Respondent Chad W. (hereinafter the father) and respondent Kimberly X. (hereinafter the mother) are the unmarried parents of a daughter (born in 2016). Eight days after her birth, the child was temporarily removed from respondents' care and placed in petitioner's custody pending a hearing (see Family Ct Act § 1022). Soon thereafter, petitioner filed a petition against respondents seeking an adjudication of neglect with respect to the child. In September 2017, the [*2]father filed a motion for the return of the child [FN1]. Following a hearing pursuant to Family Ct Act § 1028, Family Court denied the motion and continued the child's temporary removal. The father now appeals.

During the pendency of this appeal, a fact-finding hearing was conducted on the underlying neglect petition and a dispositional order was entered adjudicating the child to be neglected and directing that the child be returned to the care and custody of the father under the supervision of petitioner. Accordingly, the rights of the parties will not be directly affected by a determination of the father's appeal, and the appeal is therefore moot (see Matter of Aiani YY. [Brittney ZZ.], 136 AD3d 1232, 1233 [2016]; Matter of Karrie-Ann ZZ. [Tammy ZZ.], 132 AD3d 1180, 1181 [2015]; Matter of Mary YY. [Albert YY.], 98 AD3d 1198, 1198 [2012]).
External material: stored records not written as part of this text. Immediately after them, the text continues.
(* Let $X$ be a metric space, $\alpha\in\mathbb R$, and $\varphi\colon(0,\infty)\to[0,\infty)$ a function such that $\epsilon_{X;p}(S)\le\varphi(S)\,S^{\alpha/p}$ for all $p\in[1,\infty)$ and all $S>0$. Then for every $p\in[1,\infty)$ and every $S\ge e^p$, $$\epsilon_{X;p}(S)\le \frac{e^\alpha}{p}\,\varphi(S)\log S.$$
   Context: For a metric space $(X,d)$ and $1\le p<\infty$, $\ell^p(X)$ is the space of $p$-summable real functions on $X$ and $\ell^p_1(X)$ its unit sphere. For a map $\xi\colon X\to\ell^p(X)$, written $x\mapsto\xi_x$, put $S(\xi)=\sup\{d(x,y):\xi_x(y)\neq0\}$ and $\varepsilon(\xi;p)=\sup_{x\ne y}\|\xi_x-\xi_y\|_p/d(x,y)$. The profile is $\epsilon_{X;p}(S)=\inf\{\varepsilon(\xi;p):\xi\colon X\to\ell^p_1(X),\ S(\xi)\le S\}$. *)

theory Defs
  imports "HOL-Analysis.Analysis" "HOL-Library.Extended_Real"
begin

text \<open>The metric space X is the type 'a (class metric_space), with d = dist.
  Elements of ell^p(X) are functions 'a \<Rightarrow> real whose p-th powers of absolute values are summable.\<close>

definition lp_space :: "real \<Rightarrow> ('a \<Rightarrow> real) set" where
  "lp_space p = {f. (\<lambda>y. \<bar>f y\<bar> powr p) summable_on UNIV}"

definition lp_norm :: "real \<Rightarrow> ('a \<Rightarrow> real) \<Rightarrow> real" where
  "lp_norm p f = (\<Sum>\<^sub>\<infinity>y. \<bar>f y\<bar> powr p) powr (1 / p)"

definition lp_sphere :: "real \<Rightarrow> ('a \<Rightarrow> real) set" where
  "lp_sphere p = {f \<in> lp_space p. lp_norm p f = 1}"

definition prop_radius :: "('a::metric_space \<Rightarrow> 'a \<Rightarrow> real) \<Rightarrow> ereal" where
  "prop_radius \<xi> = Sup {ereal (dist x y) | x y. \<xi> x y \<noteq> 0}"

text \<open>epsilon(xi;p) = sup_{x \<noteq> y} ||xi_x - xi_y||_p / d(x,y) (in the extended reals;
  the value 0 is included so that the supremum over an empty index set is 0).\<close>
definition lip_const :: "('a::metric_space \<Rightarrow> 'a \<Rightarrow> real) \<Rightarrow> real \<Rightarrow> ereal" where
  "lip_const \<xi> p = Sup (insert 0 {ereal (lp_norm p (\<lambda>z. \<xi> x z - \<xi> y z) / dist x y) | x y. x \<noteq> y})"

text \<open>The profile epsilon_{X;p}(S) (infimum over an empty set is +infinity).\<close>
definition profile :: "'a::metric_space itself \<Rightarrow> real \<Rightarrow> real \<Rightarrow> ereal" where
  "profile X p S = Inf {lip_const \<xi> p | \<xi> :: 'a \<Rightarrow> 'a \<Rightarrow> real.
       (\<forall>x. \<xi> x \<in> lp_sphere p) \<and> prop_radius \<xi> \<le> ereal S}"

end

theory Submission
  imports Defs
begin

(* For 1 <= p <= q the Mazur map t |-> sgn t * |t| powr (q/p), applied pointwise, sends the
   unit sphere of l^q onto that of l^p without changing supports, and it is (q/p)-Lipschitz
   from the l^q to the l^p norm: pointwise
     |M a - M b| <= (q/p) |a - b| ((|a|^q + |b|^q)/2) powr ((q - p)/(p q)),
   and Hoelder's inequality sums this up. Composing a competitor for the profile at exponent q
   with it gives eps_p(S) <= (q/p) eps_q(S). For S >= e^p take q = ln S >= p; then
   S powr (alpha/q) = e^alpha, and the hypothesis at exponent q gives the claim. *)

lemma Youngs_inequality_nonneg:
  fixes x y \<theta> :: real
  assumes "0 \<le> x" "0 \<le> y" "0 \<le> \<theta>" "\<theta> \<le> 1"
  shows "x powr \<theta> * y powr (1 - \<theta>) \<le> \<theta> * x + (1 - \<theta>) * y"
proof (cases "x = 0 \<or> y = 0")
  case True
  then show ?thesis using assms by auto
next
  case False
  then show ?thesis using assms Youngs_inequality_0[of \<theta> "1 - \<theta>" x y] by auto
qed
As the exception to the mootness doctrine does not apply (see Matter of Eyon X. [Ashley W.], 163 AD3d 1145, 1146 [2018]; Matter of Karrie-Ann ZZ. [Tammy ZZ.], 132 AD3d at 1181), the appeal must be dismissed.
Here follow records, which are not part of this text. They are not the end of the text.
definition centroid_loss :: "('a \<Rightarrow> 'a \<Rightarrow> real) \<Rightarrow> 'a \<Rightarrow> 'a set \<Rightarrow> 'a \<Rightarrow> real" where
  "centroid_loss d i C x = d i x"

definition gc_valid :: "'a set \<Rightarrow> nat \<Rightarrow> ('a \<Rightarrow> 'a \<Rightarrow> real) \<Rightarrow> 'a set \<Rightarrow> real \<Rightarrow> 'a \<Rightarrow> 'a set \<Rightarrow> bool" where
  "gc_valid N k d U \<delta> i C \<longleftrightarrow>
     i \<in> U \<and> C \<subseteq> U \<and> real (card C) \<ge> min (real (card U)) (real (card N) / real k) \<and>
     (\<forall>i'\<in>C. d i i' \<le> \<delta>)"

text \<open>gc_run N M k d U \<delta> Xs: starting from uncaptured set U with current parameter
  value \<delta>, GC (under some tie-breaking) may form exactly the clusters Xs (in order).
  Each step happens at the least \<delta>' \<ge> \<delta> at which a valid choice exists
  (\<delta> increases continuously); any valid choice and any closest center may be taken.\<close>
inductive gc_run :: "'a set \<Rightarrow> 'a set \<Rightarrow> nat \<Rightarrow> ('a \<Rightarrow> 'a \<Rightarrow> real) \<Rightarrow> 'a set \<Rightarrow> real \<Rightarrow> ('a set \<times> 'a) list \<Rightarrow> bool"
  for N M k d where
  gc_done: "gc_run N M k d {} \<delta> []"
| gc_step: "\<lbrakk> U \<noteq> {}; \<delta> \<le> \<delta>'; gc_valid N k d U \<delta>' i C;
             \<forall>\<delta>''. \<delta> \<le> \<delta>'' \<and> \<delta>'' < \<delta>' \<longrightarrow> \<not> (\<exists>j D. gc_valid N k d U \<delta>'' j D);
             x \<in> M; \<forall>x'\<in>M. d i x \<le> d i x';
             gc_run N M k d (U - C) \<delta>' rest \<rbrakk>
           \<Longrightarrow> gc_run N M k d U \<delta> ((C, x) # rest)"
Lynch, J.P., Clark, Rumsey and Pritzker, JJ., concur.

ORDERED that the appeal is dismissed, as moot, without costs.

Footnotes

Footnote 1: The mother separately applied to have the child returned to the home. Family Court denied the mother's motion and, upon appeal, this Court affirmed (Matter of Renezmae X. [Kimberly X.], 161 AD3d 1247, 1247 [2018], lv dismissed 31 NY3d 1140 [2018]).